Дочка (не) Аристократка. Невинность за жизнь брата. 18+ - Арий Родович

Хоть я и не люблю это вспоминать, но стоит рассказать. Чтобы вы поняли, почему я не могу назвать Викторию матерью. Для меня она — Вика. Женщина, которая выбрала свой путь и проходила через такое чуть ли не каждый день. Когда я сама оказалась на её месте, я поняла, что это значит — быть вещью, телом для чужого развлечения. С тех пор слово «мама» для меня стало чем-то другим, не про неё.
В зале он уже был мерзким. Толстая шея, лицо, блестящее от жира, мелкие глаза, которые скользили по моему телу так, будто он примерял товар на рынке. И всё же там, среди люстр и музыки, он держал маску. На нём был дорогой костюм, тугие запонки, запах парфюма — тяжёлого, мужского, перебивающего кислый пот. Если смотреть мельком, можно было подумать: состоятельный человек, один из тех, кто привык быть в центре. Я пыталась зацепиться за это: пусть будет противен, но хотя бы сдержанный.
Но когда дверь закрылась, маска слетела. В ту же секунду.

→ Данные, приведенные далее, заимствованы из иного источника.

lemma feasible_imp_in_P_of_L_of:
  assumes "\<sigma> \<in> sign_conds m" "feasible m f \<sigma>"
    and "\<forall>C\<in>components (realization m f \<sigma>). M \<inter> closure C \<noteq> {}"
  shows "\<exists>\<tau>\<in>L_of m f M. \<sigma> \<in> P_of m \<tau>"
proof -
  let ?R = "realization m f \<sigma>"
  obtain x where "x \<in> ?R" using assms(2) by (auto simp: feasible_def)
  then have "connected_component_set ?R x \<in> components ?R" by (simp add: components_def)
  then obtain z where z: "z \<in> M" "z \<in> closure (connected_component_set ?R x)"
    using assms(3) by blast
  then have "z \<in> closure ?R"
    using closure_mono[OF connected_component_subset] by blast
  then show ?thesis
    using sign_condition_at_in_L_of[OF z(1)] closure_realization_in_P_of[OF assms(1)] by blast
qed

lemma P_of_satisfied_feasible:
  assumes "regular m f" "satisfies m f \<sigma> z" "\<tau> \<in> P_of m \<sigma>"
  shows "feasible m f \<tau>"
proof -
  define S where "S = {i\<in>{1..m}. \<sigma> i = SEq}"
  define U where "U = (\<Inter>j\<in>{1..m} - S. {x. holds (\<sigma> j) (mpoly_eval (f j) x)})"
  have S: "S \<subseteq> {1..m}" "finite S" by (auto simp: S_def)
  have zero: "\<forall>i\<in>S. mpoly_eval (f i) z = 0"
    using assms(2) by (force simp: S_def satisfies_def)
  have "open U"
    unfolding U_def by (intro open_INT finite_Diff finite_atLeastAtMost ballI open_holds_strict
        continuous_on_mpoly_eval) (auto simp: S_def)
  moreover have "z \<in> U"
    using assms(2) by (auto simp: U_def satisfies_def)
  ultimately obtain e where e: "e > 0"
    "\<And>v. \<forall>i\<in>S. \<bar>v i\<bar> < e \<Longrightarrow> \<exists>x\<in>U. \<forall>i\<in>S. mpoly_eval (f i) x = mpoly_eval (f i) z + v i"
    using independent_gradients_realize_small_values[OF S(2)
        regular_imp_lin_indep_real_gradients[OF assms(1) S(1) zero]
        continuous_on_mpoly_eval has_derivative_mpoly_eval]
    by metis
  have "\<bar>e / 2 * sign_value (\<tau> i)\<bar> < e" for i
    using e(1) abs_sign_value_le[of "\<tau> i"] by (simp add: abs_mult)
  then obtain x where x: "x \<in> U" "\<forall>i\<in>S. mpoly_eval (f i) x = e / 2 * sign_value (\<tau> i)"
    using e(2)[of "\<lambda>i. e / 2 * sign_value (\<tau> i)"] zero by auto
  have "holds (\<tau> i) (mpoly_eval (f i) x)" if i: "i \<in> {1..m}" for i
  proof (cases "i \<in> S")
    case True
    with x(2) have "mpoly_eval (f i) x = e / 2 * sign_value (\<tau> i)" by blast
    then show ?thesis using holds_scaled_sign_value[of "e / 2"] e(1) by (metis half_gt_zero)
  next
    case False
    then have "\<tau> i = \<sigma> i" using assms(3) i by (simp add: P_of_def S_def)
    then show ?thesis using x(1) i False by (simp add: U_def)
  qed
  then have "x \<in> realization m f \<tau>" by (simp add: realization_def satisfies_def)
  then show ?thesis by (auto simp: feasible_def)
qed

text \<open>The coefficient field \<open>K\<close> and the finiteness of \<open>M\<close> play no role in the argument.\<close>
theorem mainTheorem12:
  fixes K :: "real set" and m :: nat and f :: "nat \<Rightarrow> 'n::finite mpoly"
    and M :: "(real ^ 'n) set"
  assumes "subfield_of_reals K"
    and "\<forall>i\<in>{1..m}. \<forall>\<alpha>. Poly_Mapping.lookup (f i) \<alpha> \<in> K"
    and "regular m f"
    and "finite M"
    and "\<forall>\<sigma>\<in>sign_conds m. feasible m f \<sigma> \<longrightarrow>
           (\<forall>C\<in>components (realization m f \<sigma>). M \<inter> closure C \<noteq> {})"
  shows "{\<sigma>\<in>sign_conds m. feasible m f \<sigma>} = (\<Union>\<sigma>\<in>L_of m f M. P_of m \<sigma>)"
proof
  show "{\<sigma>\<in>sign_conds m. feasible m f \<sigma>} \<subseteq> (\<Union>\<sigma>\<in>L_of m f M. P_of m \<sigma>)"
    using feasible_imp_in_P_of_L_of assms(5) by blast
  show "(\<Union>\<sigma>\<in>L_of m f M. P_of m \<sigma>) \<subseteq> {\<sigma>\<in>sign_conds m. feasible m f \<sigma>}"
    using P_of_satisfied_feasible[OF assms(3)] by (auto simp: L_of_def P_of_def)
qed

end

Он даже не сделал вид, что хочет поговорить или притронуться нежно. Снял пиджак, вытер лоб ладонью, и по лицу потекли капли пота. Дорогой аромат вперемешку с кислым, липким запахом тела ударил в нос. Он открыл рот — и из уголков потянулись тонкие струйки слюны. Я видела, как он сглатывает и она снова вытекает. И улыбка стала другой: не светская, а сытая, хищная.
— Раздевайся, — сказал он, даже не глядя в глаза. Голос низкий, вязкий, с хрипотцой.
Я молча потянулась к лямкам, стянула платье. Бельё — белое кружево, специально купленное для этой ночи. Он оглядел меня сверху вниз, как мясник тушу. Подошёл ближе, ткнул пальцами в грудь, приподнял, будто проверяя упругость. Провёл ладонью по животу, задержался на бёдрах. Я чувствовала липкость его пальцев даже сквозь ткань.
— Хорошо, — хмыкнул. — Девственность, говоришь? Сегодня проверим.
Он толкнул меня на край кровати. Я села, стараясь не дрожать. Он наклонился и неожиданно уткнулся лицом в моё плечо, провёл языком по коже. Меня передёрнуло. Но он будто опьянел от этого — шумно вдохнул, задышал чаще, и тут же опустился ниже.
Он облизывал всё. Не торопясь, с какой-то жадной тщательностью. Плечи, руки до запястий, ладони, пальцы. Каждый раз язык оставлял липкий след, и он шумно сопел, втягивая запах. Дальше — шея, грудь, живот. Он облизывал, посасывал, задерживался так, будто хотел выжать вкус.
Я старалась не думать о том, что происходит. Сжимала зубы и повторяла в голове: ради брата, ради брата, ради брата.
Он отстранился только затем, чтобы сдёрнуть с меня остатки белья. Швырнул на пол. Его глаза блестели, на губах пена слюны. Я впервые ощутила настоящий страх: не перед мужчиной, а перед животным, которому дали волю.
— Ложись, — приказал он. — Я всё попробую. Всё.
Я подчинилась. Легла на спину, руки вдоль тела. Он наклонился и снова принялся облизывать — теперь ноги, ступни, пальцы, бёдра. Я хотела отвернуться, но он сжал мою щиколотку и удержал. Его язык прошёлся по внутренней стороне бедра, задержался слишком близко. Я зажмурилась.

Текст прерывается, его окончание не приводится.